In the June 2012 legislative election, the Democrats named no candidates to fill seats in some of their safe constituencies to help the smaller Unified Progressive Party win seats in those areas. The UPP, under attack for its alleged pro-Pyongyang stance and now for rebellion charges against one party legislator, earned 13 seats in the election.

On Tuesday, the DP leadership announced a plan to reform the NIS to retaliate for what it called the spy agency’s meddling in the December 2012 presidential race. One sweeping reform demanded by the opposition would strip it of its long-standing role in domestic intelligence gathering; it would have the authority to gather intelligence and conduct operations only against foreign and North Korean targets.

Following from that broad change, the DP plan would strip the service of its powers to investigate Koreans for suspected pro-North Korea activities. In addition, it would place the spy group, which would be renamed “Intelligence Institute for Unification and Foreign Affairs,” under the prime minister’s office. The NIS is now a special organization controlled directly by the president.

Currently, authority to investigate anti-state activities inside South Korea is shared by the NIS, police and prosecution. The DP wants the NIS dropped from that trio.

The Democrats, many of whom are former student activists from the democracy movement of the 1970s and 1980s, claim that the right to investigate citizens for praising North Korea or assisting in North Korean espionage has led to massive abuses of human rights and trampled on freedom of expression in this country.

To implement its reform plans, the DP has called for a new National Assembly oversight committee to monitor the process.

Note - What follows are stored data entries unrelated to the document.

lemma ecc_eq:
  assumes "v \<in> V" shows "ecc V E v = (if v \<in> V1 then 3 else if card v = n then 2 else 4)"
proof -
  consider "v \<in> V1" | "v \<in> V2" "card v = n" | "v \<in> V2" "v \<notin> V1" "card v < n"
    using assms V2_props(5)[of v] by (auto simp: V_eq order_less_le)
  then show ?thesis
  proof cases
    case 1 then show ?thesis by (simp add: ecc_V1)
  next
    case 2 then show ?thesis using V1_props(3) k_lt_n by (auto simp: ecc_full_vertex)
  next
    case 3 then show ?thesis by (simp add: ecc_partial_vertex)
  qed
qed

lemma diam_eq_4: "diam V E = 4"
  unfolding diam_def
proof (rule antisym)
  show "(SUP v\<in>V. ecc V E v) \<le> 4" by (rule SUP_least) (simp add: ecc_eq)
  obtain Y where "Y \<in> V2" "card Y = k" by (rule V2_card_k_vertex)
  then have "Y \<in> V" "ecc V E Y = 4" using ecc_partial_vertex k_lt_n by (auto simp: V_eq)
  then show "4 \<le> (SUP v\<in>V. ecc V E v)" by (metis SUP_upper)
qed

lemma rad_eq_2: "rad V E = 2"
  unfolding rad_def
proof (rule antisym)
  have "Bplus \<in> V" "ecc V E Bplus = 2"
    using Bplus_in_V2 ecc_full_vertex card_Bplus by (auto simp: V_eq)
  then show "(INF v\<in>V. ecc V E v) \<le> 2" by (metis INF_lower)
  show "2 \<le> (INF v\<in>V. ecc V E v)" by (rule INF_greatest) (simp add: ecc_eq)
qed

lemma full_vertices_in_V2: "{v \<in> V. card v = n} \<subseteq> V2"
  using V1_props(3) k_lt_n by (auto simp: V_eq)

The president and her allies have asked for the NIS to submit its own reform plan.

“Reform of the NIS is an inevitable order from public and responsibility of the National Assembly,” Chyung Ho-joon, a spokesman of the DP, said in a briefing yesterday. “We once again strongly demand a consensus with the Saenuri Party over forming a special committee to monitor the reforms.”

Saenuri members rejected the idea of putting domestic espionage investigations off limits to the NIS, noting that the two Koreas are technically still at war.

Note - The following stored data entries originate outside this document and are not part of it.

lemma ent_box_fun_upd:
  assumes "comp_closure I \<subseteq> comp_closure (E j)"
  shows "ent_box (E(j := I)) = ent_box E \<inter> {z. z$j \<in> comp_closure I}"
proof -
  have "z \<in> ent_box (E(j := I)) \<longleftrightarrow> z$j \<in> comp_closure I \<and> (\<forall>k. k \<noteq> j \<longrightarrow> z$k \<in> comp_closure (E k))"
    for z by (auto simp: mem_ent_box)
  then show ?thesis using assms unfolding set_eq_iff by (auto simp: mem_ent_box) (metis subsetD)
qed

lemma ent_set_subset_boxD:
  assumes "\<forall>k. fst (X k) \<le> snd (X k)" "ent_set X \<subseteq> ent_box E"
  shows "comp_set (X k) \<subseteq> comp_closure (E k)"
proof
  fix v assume v: "v \<in> comp_set (X k)"
  define z where "z = (\<chi> l. if l = k then v else ent_mid X $ l)"
  have "z \<in> ent_set X"
    using v ent_mid_in_ent_set[OF assms(1)] by (simp add: mem_ent_set z_def)
  then have "z$k \<in> comp_closure (E k)" using assms(2) by (auto simp: mem_ent_box)
  then show "v \<in> comp_closure (E k)" by (simp add: z_def)
qed

lemma comp_set_interval_if_not_nat: "v \<in> comp_set x \<Longrightarrow> v \<notin> \<nat> \<Longrightarrow> fst x < snd x"
  by (cases "fst x = snd x") (auto simp: comp_set_def)

lemma comp_set_if_not_nat: "fst x \<le> snd x \<Longrightarrow> v \<in> comp_closure x \<Longrightarrow> v \<notin> \<nat> \<Longrightarrow> v \<in> comp_set x"
  by (cases "v = real (fst x) \<or> v = real (snd x)") (auto simp: comp_set_def comp_closure_def)

lemma nat_in_interval_comp: "fst x < snd x \<Longrightarrow> real c \<in> comp_set x \<Longrightarrow> fst x < c \<and> c < snd x"
  by (simp add: comp_set_def)

lemma nat_in_closure_not_comp:
  "fst x \<le> snd x \<Longrightarrow> real c \<in> comp_closure x \<Longrightarrow> real c \<notin> comp_set x \<Longrightarrow> c = fst x \<or> c = snd x"
  by (auto simp: comp_set_def comp_closure_def split: if_splits)

lemma comp_set_inner_step: "fst x < c \<Longrightarrow> c < snd x \<Longrightarrow> \<bar>h\<bar> < 1 \<Longrightarrow> real c + h \<in> comp_set x"
  by (auto simp: comp_set_def)

lemma comp_set_endpoint_step:
  assumes "fst x < snd x" "c = fst x \<or> c = snd x" "0 < \<bar>h\<bar>" "\<bar>h\<bar> < 1"
  shows "real c + h \<in> comp_set x \<or> real c - h \<in> comp_set x"
  using assms by (auto simp: comp_set_def)

lemma comp_closure_if_step: "real c + h \<in> comp_set x \<Longrightarrow> \<bar>h\<bar> < 1 \<Longrightarrow> real c \<in> comp_closure x"
  by (auto simp: comp_set_def comp_closure_def split: if_splits)

lemma half_step_not_nat: "\<bar>h\<bar> = 1/2 \<Longrightarrow> real c + h \<notin> \<nat>"
proof
  assume "\<bar>h\<bar> = 1/2" "real c + h \<in> \<nat>"
  then obtain m where "real c + h = real m" by (auto elim: Nats_cases)
  then have "2 * real m = 2 * real c + 1 \<or> 2 * real m + 1 = 2 * real c"
    using \<open>\<bar>h\<bar> = 1/2\<close> by linarith
  then have "2 * m = 2 * c + 1 \<or> 2 * m + 1 = 2 * c" by linarith
  then show False by presburger
qed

The poster boy for conservative politicians is Lee Seok-ki, a member of the UPP who is now being detained on charges that he and others in his party’s extreme wing plotted a rebellion against the South Korean government in an underground organization.

“The plan means incapacitating the NIS entirely,” Yoon Sang-hyun, a Saenuri leader, said at the party meeting yesterday. “This plan is a serious concern because it could produce a second and third Lee Seok-ki.”